Would man, at whose command are so many means for satisfying the physical impulse, all equally efficacious with coitus, be likely to discharge the inconvenient, disgusting, shameless, reproductive function, did not an instinct always urge him anew, often as he has experienced that this mode of satisfaction yields him, in fact, no higher sensuous enjoyment than any other? But many do not attain even to this much insight, because, in spite of experience, they always measure future enjoyment according to the strength of the impulse, or are so possessed by the impulse during the act, that they never attain the experience. It might, perhaps, be replied, that man frequently desires intercourse although he is aware of the impossibility of procreation, e.g., with the notoriously infertile or prostitutes, or when, as in illicit connections, he seeks to prevent procreation; but to such we reply that the knowledge or intention of consciousness has no direct influence on the instinct, since the design of procreation lies outside consciousness, and only the willing of the means to the unconscious end (as in all instincts) appears in consciousness. That the impulse to sexual union is an instinct which manifests itself spontaneously, and is by no means to be regarded as a consequence of the experience that a pleasure is to be expected from this union, appears from the fact that the sexual impulse as instinct is universal in the animal and vegetable kingdom, whereas venereal organs, which link a sexual pleasure to the act of copulation, are only to be found at a tolerably advanced stage of the animal kingdom.

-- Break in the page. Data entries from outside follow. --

lemma nv_0 [simp]: "nv 0 = 0"
  using nv_eq_0_iff by simp

lemma nv_1 [simp]: "nv 1 = 1"
  using nv_mult[of 1 1] nv_eq_0_iff[of 1] by simp

lemma nv_minus [simp]: "nv (- x) = nv x"
proof -
  have "nv (- 1) ^ 2 = 1"
    using nv_mult[of "- 1" "- 1"] by (simp add: power2_eq_square)
  then have "nv (- 1) = 1"
    using nv_nonneg[of "- 1"] by (simp add: power2_eq_1_iff)
  then show ?thesis
    using nv_mult[of "- 1" x] by simp
qed

lemma nv_minus_commute: "nv (x - y) = nv (y - x)"
  using nv_minus[of "x - y"] by simp

lemma nv_power: "nv (x ^ n) = nv x ^ n"
  by (induction n) (simp_all add: nv_mult)

lemma nv_divide: "nv (x / y) = nv x / nv y"
proof (cases "y = 0")
  case False
  then show ?thesis
    using nv_mult[of "x / y" y] nv_eq_0_iff[of y] by (simp add: field_simps)
qed simp

lemma nv_mult_unit_left: "nv u = 1 \<Longrightarrow> nv (u * x) = nv x"
  by (simp add: nv_mult)

lemma nv_add_le: "nv x \<le> c \<Longrightarrow> nv y \<le> c \<Longrightarrow> nv (x + y) \<le> c"
  using nv_add_le_max[of x y] by linarith

lemma nv_add_less: "nv x < c \<Longrightarrow> nv y < c \<Longrightarrow> nv (x + y) < c"
  using nv_add_le_max[of x y] by linarith

lemma nv_diff_le: "nv x \<le> c \<Longrightarrow> nv y \<le> c \<Longrightarrow> nv (x - y) \<le> c"
  using nv_add_le[of x c "- y"] by simp

lemma nv_diff_less: "nv x < c \<Longrightarrow> nv y < c \<Longrightarrow> nv (x - y) < c"
  using nv_add_less[of x c "- y"] by simp

lemma nv_mult_le: "nv x \<le> 1 \<Longrightarrow> nv y \<le> c \<Longrightarrow> nv (x * y) \<le> c"
  using mult_left_le_one_le[of "nv y" "nv x"] nv_nonneg[of x] nv_nonneg[of y] by (simp add: nv_mult)

lemma nv_add_right_dominant: "nv x < nv y \<Longrightarrow> nv (x + y) = nv y"
proof -
  assume less: "nv x < nv y"
  have "nv y \<le> max (nv (x + y)) (nv (- x))"
    using nv_add_le_max[of "x + y" "- x"] by simp
  then show ?thesis
    using nv_add_le_max[of x y] less by (auto simp: max_def split: if_splits)
qed

lemma nv_add_left_dominant: "nv y < nv x \<Longrightarrow> nv (x + y) = nv x"
  using nv_add_right_dominant[of y x] by (simp add: add.commute)

lemma nv_eq_if_close: "nv (x - y) < nv y \<Longrightarrow> nv x = nv y"
  using nv_add_right_dominant[of "x - y" y] by simp

lemma nv_less_1_iff_if_close: "nv (x - y) < 1 \<Longrightarrow> nv x < 1 \<longleftrightarrow> nv y < 1"
  using nv_diff_less[of y 1 "y - x"] nv_diff_less[of x 1 "x - y"] nv_minus_commute[of x y] by auto

lemma eq_0_if_nv_arbitrarily_small: "(\<And>e. 0 < e \<Longrightarrow> nv x < e) \<Longrightarrow> x = 0"
  using nv_nonneg[of x] nv_eq_0_iff[of x] by (metis less_irrefl order_le_less)

lemma nv_of_int_le_1: "nv (of_int n) \<le> 1"
proof -
  have "nv (of_nat k) \<le> 1" for k
    by (induction k) (simp_all add: nv_add_le)
  then show ?thesis
    by (cases n rule: int_cases) (simp_all del: of_nat_Suc)
qed

lemma nv_eq_1_if_nv_square: "nv (x ^ 2) = 1 \<Longrightarrow> nv x = 1"
  using nv_nonneg[of x] by (simp add: nv_power power2_eq_1_iff)

lemma nv_eq_1_if_square_plus_mult_eq_1:
  assumes root: "x ^ 2 + a * x = 1" and small: "nv a < 1"
  shows "nv x = 1"
proof (rule ccontr)
  have prod: "nv x * nv (x + a) = 1"
    using arg_cong[OF root, of nv] by (simp add: nv_mult[symmetric] algebra_simps power2_eq_square)
  assume "nv x \<noteq> 1"
  then consider "nv x < 1" | "1 < nv x"
    by linarith
  then show False
  proof cases
    case 1
    then have "nv (x + a) < 1"
      using small by (rule nv_add_less)
    moreover have "nv x * nv (x + a) \<le> nv (x + a)"
      using 1 nv_nonneg by (intro mult_left_le_one_le) auto
    ultimately show False
      using prod by linarith
  next
    case 2
    then have "nv (x + a) = nv x"
      using small by (intro nv_add_left_dominant) simp
    then show False
      using prod less_1_mult[OF 2 2] by simp
  qed
qed

lemma nv_monic_quadratic_le_1:
  "nv b \<le> 1 \<Longrightarrow> nv c \<le> 1 \<Longrightarrow> nv x \<le> 1 \<Longrightarrow> nv (x ^ 2 + b * x + c) \<le> 1"
  by (intro nv_add_le nv_mult_le) (simp_all add: nv_power power_le_one nv_nonneg)

lemma nv_monic_quadratic_eq_1:
  assumes "nv b \<le> 1" "nv c = 1" "nv x < 1"
  shows "nv (x ^ 2 + b * x + c) = 1"
proof -
  have "nv (x ^ 2) < 1"
    using assms(3) nv_nonneg[of x] by (simp add: nv_power power_less_one_iff)
  moreover have "nv (b * x) < 1"
    using assms(1,3) nv_mult_le[of b x "nv x"] by simp
  ultimately have "nv (x ^ 2 + b * x) < nv c"
    using assms(2) by (simp add: nv_add_less)
  then show ?thesis
    using nv_add_right_dominant assms(2) by simp
qed

lemma nv_eq_1_if_monic_quadratic_less_1:
  assumes b: "nv b \<le> 1" and c: "nv c = 1" and root: "nv (x ^ 2 + b * x + c) < 1"
  shows "nv x = 1"
proof (rule ccontr)
  assume "nv x \<noteq> 1"
  then consider "nv x < 1" | "1 < nv x" by linarith
  then show False
  proof cases
    case 1
    then show False using nv_monic_quadratic_eq_1[OF b c] root by simp
  next
    case 2
    have "nv (b * x + c) \<le> nv x"
      using b c 2 nv_mult_le[of b x "nv x"] by (intro nv_add_le) simp_all
    also have "nv x < nv (x ^ 2)"
      unfolding nv_power using mult_strict_left_mono[of 1 "nv x" "nv x"] 2 by (simp add: power2_eq_square)
    finally have "nv (x ^ 2 + (b * x + c)) = nv (x ^ 2)"
      by (rule nv_add_left_dominant)
    moreover have "1 < nv (x ^ 2)"
      unfolding nv_power using less_1_mult[OF 2 2] by (simp add: power2_eq_square)
    ultimately show False
      using root by (simp add: add.assoc)
  qed
qed

end

section \<open>Hensel's lemma for square roots\<close>

context nonarch_abs
begin

definition nv_tendsto :: "(nat \<Rightarrow> 'a) \<Rightarrow> 'a \<Rightarrow> bool" where
  "nv_tendsto z L \<longleftrightarrow> (\<forall>e>0. \<exists>N. \<forall>n\<ge>N. nv (z n - L) < e)"

lemma nv_tendsto_if_le_power:
  assumes bound: "\<And>n. nv (z n - L) \<le> t ^ n" and t: "0 \<le> t" "t < 1"
  shows "nv_tendsto z L"
  unfolding nv_tendsto_def
proof (intro allI impI)
  fix e :: real
  assume "0 < e"
  then obtain N where N: "t ^ N < e"
    using real_arch_pow_inv t(2) by blast
  have "nv (z n - L) < e" if "N \<le> n" for n
    using bound[of n] power_decreasing[OF that t(1)] t(2) N by linarith
  then show "\<exists>N. \<forall>n\<ge>N. nv (z n - L) < e"
    by blast
qed

lemma square_eq_if_nv_tendsto:
  assumes z: "nv_tendsto z L" and square: "nv_tendsto (\<lambda>n. z n ^ 2) c"
    and bounded: "\<And>n. nv (z n) \<le> 1"
  shows "L ^ 2 = c"
proof -
  have "nv (L ^ 2 - c) < e" if e: "0 < e" for e
  proof -
    have "0 < min e 1"
      using e by simp
    then obtain N1 where N1: "\<forall>n\<ge>N1. nv (z n - L) < min e 1"
      using z unfolding nv_tendsto_def by blast
    obtain N2 where N2: "\<forall>n\<ge>N2. nv (z n ^ 2 - c) < e"
      using square e unfolding nv_tendsto_def by blast
    define n where "n = max N1 N2"
    have near: "nv (z n - L) < min e 1" and err: "nv (z n ^ 2 - c) < e"
      using N1 N2 by (simp_all add: n_def)
    have "nv (z n + z n - (z n - L)) \<le> 1"
      using nv_diff_le[OF nv_add_le[OF bounded[of n] bounded[of n]], of "z n - L"] near by simp
    then have "nv ((z n + L) * (z n - L)) \<le> nv (z n - L)"
      by (intro nv_mult_le) simp_all
    then have "nv ((z n ^ 2 - c) - (z n + L) * (z n - L)) < e"
      using near by (intro nv_diff_less[OF err]) simp
    moreover have "(z n ^ 2 - c) - (z n + L) * (z n - L) = L ^ 2 - c"
      by (simp add: algebra_simps power2_eq_square)
    ultimately show ?thesis
      by simp
  qed
  then have "L ^ 2 - c = 0"
    by (rule eq_0_if_nv_arbitrarily_small)
  then show ?thesis
    by simp
qed

lemma nv_diff_le_if_steps_le_power:
  assumes steps: "\<And>n. nv (z (Suc n) - z n) \<le> t ^ n" and t: "0 \<le> t" "t \<le> 1"
    and "n \<le> m"
  shows "nv (z m - z n) \<le> t ^ n"
  using \<open>n \<le> m\<close>
proof (induction m rule: dec_induct)
  case (step m)
  have "nv (z (Suc m) - z m) \<le> t ^ n"
    using steps[of m] power_decreasing[OF step.hyps(1) t] by linarith
  then have "nv ((z (Suc m) - z m) + (z m - z n)) \<le> t ^ n"
    using step.IH by (rule nv_add_le)
  then show ?case by simp
qed (use t in simp)

lemma newton_step_sqrt:
  assumes nv_2: "nv 2 = 1" and nv_c: "nv c = 1" and close: "nv (w ^ 2 - c) < 1"
  defines "w' \<equiv> w - (w ^ 2 - c) / (2 * w)"
  shows "nv w = 1" and "nv (w' ^ 2 - c) = nv (w ^ 2 - c) ^ 2" and "nv (w' - w) = nv (w ^ 2 - c)"
proof -
  have "nv (w ^ 2) = nv c"
    using nv_eq_if_close[of "w ^ 2" c] close nv_c by simp
  then show w: "nv w = 1"
    using nv_eq_1_if_nv_square[of w] nv_c by simp
  have "2 * w \<noteq> 0"
    using w nv_2 by (auto simp: nv_mult)
  then have "2 * w * ((w ^ 2 - c) / (2 * w)) = w ^ 2 - c"
    by simp
  then have "w' ^ 2 - c = ((w ^ 2 - c) / (2 * w)) ^ 2"
    unfolding w'_def power2_diff by (simp add: algebra_simps)
  then show "nv (w' ^ 2 - c) = nv (w ^ 2 - c) ^ 2"
    using nv_2 w by (simp add: nv_divide nv_power nv_mult)
  have "w' - w = - ((w ^ 2 - c) / (2 * w))"
    unfolding w'_def by simp
  then show "nv (w' - w) = nv (w ^ 2 - c)"
    using nv_2 w by (simp add: nv_divide nv_mult)
qed

end

locale complete_nonarch_abs = nonarch_abs nv for nv :: "'a::field \<Rightarrow> real" +
  assumes complete: "\<And>X :: nat \<Rightarrow> 'a. (\<forall>e>0. \<exists>N. \<forall>m\<ge>N. \<forall>n\<ge>N. nv (X m - X n) < e) \<Longrightarrow>
      \<exists>L. \<forall>e>0. \<exists>N. \<forall>n\<ge>N. nv (X n - L) < e"
begin

lemma convergent_if_steps_le_power:
  assumes steps: "\<And>n. nv (z (Suc n) - z n) \<le> t ^ n" and t: "0 \<le> t" "t < 1"
  shows "\<exists>L. nv_tendsto z L"
  unfolding nv_tendsto_def
proof (rule complete, intro allI impI)
  fix e :: real
  assume "0 < e"
  then obtain N where N: "t ^ N < e"
    using real_arch_pow_inv t(2) by blast
  have "nv (z m - z n) < e" if "N \<le> m" "N \<le> n" for m n
  proof -
    have "nv (z m - z n) \<le> t ^ min m n"
    proof (cases "n \<le> m")
      case True
      then show ?thesis
        using nv_diff_le_if_steps_le_power[OF steps] t by (simp add: min_def)
    next
      case False
      then show ?thesis
        using nv_diff_le_if_steps_le_power[OF steps, of m n] t nv_minus_commute[of "z m" "z n"]
        by (simp add: min_def)
    qed
    also have "\<dots> \<le> t ^ N"
      using that t by (intro power_decreasing) auto
    finally show ?thesis
      using N by linarith
  qed
  then show "\<exists>N. \<forall>m\<ge>N. \<forall>n\<ge>N. nv (z m - z n) < e"
    by blast
qed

The instinct of sexual intercourse is then something far earlier and more original i
n the history of organisation, since all organisms destitute of venereal organs are sufficiently impelled by it alone, without the aid of sensibility. It is, however, tolerably plain why the Unconscious deems special venereal organs necessary in the case of beings whose consciousness is far more highly developed; for the more consciousness attains independent importance, the greater is the risk of its thwarting the demands of instinct, the more desirable does a bait become to entice to the performance of instinctive actions. A proof that the reproductive instinct is no mere result of physical craving in the generative organs may be found in the above-mentioned example of the treading of birds (Chap. iii. A. p. 82), and finally in the phenomenon that the strength of the sexual and physical urgency are to a certain degree independent of one another. For one finds human beings with a strong inclination to the other sex, whilst their physical impulse is so small that it almost borders on impotence; and conversely there are persons of strong physical impulse, and yet with little affection for the other sex. This is due to the fact that the physical impulse is dependent on the accidental physical organisation of the generative organs, but the metaphysical impulse is an instinct which wells up from the Unconscious. That does not, however, preclude, on the one hand, the metaphysical impulse from being more vehemently aroused by a stronger physical impulse, and, on the other hand, the strength of the physical impulse while the organism is being fashioned being conditioned by the strength of the metaphysical impulse. Accordingly the independence only obtains within certain limits. Phrenology also recognises the distinctness of the two impulses, for whilst the physical craving can manifestly only be sought for in the organisation of the generative organs and the irritability of the whole nervous system, phrenology—with what right is of no consequence—seeks to localise the sexual impulses in the cerebellum and circumjacent parts.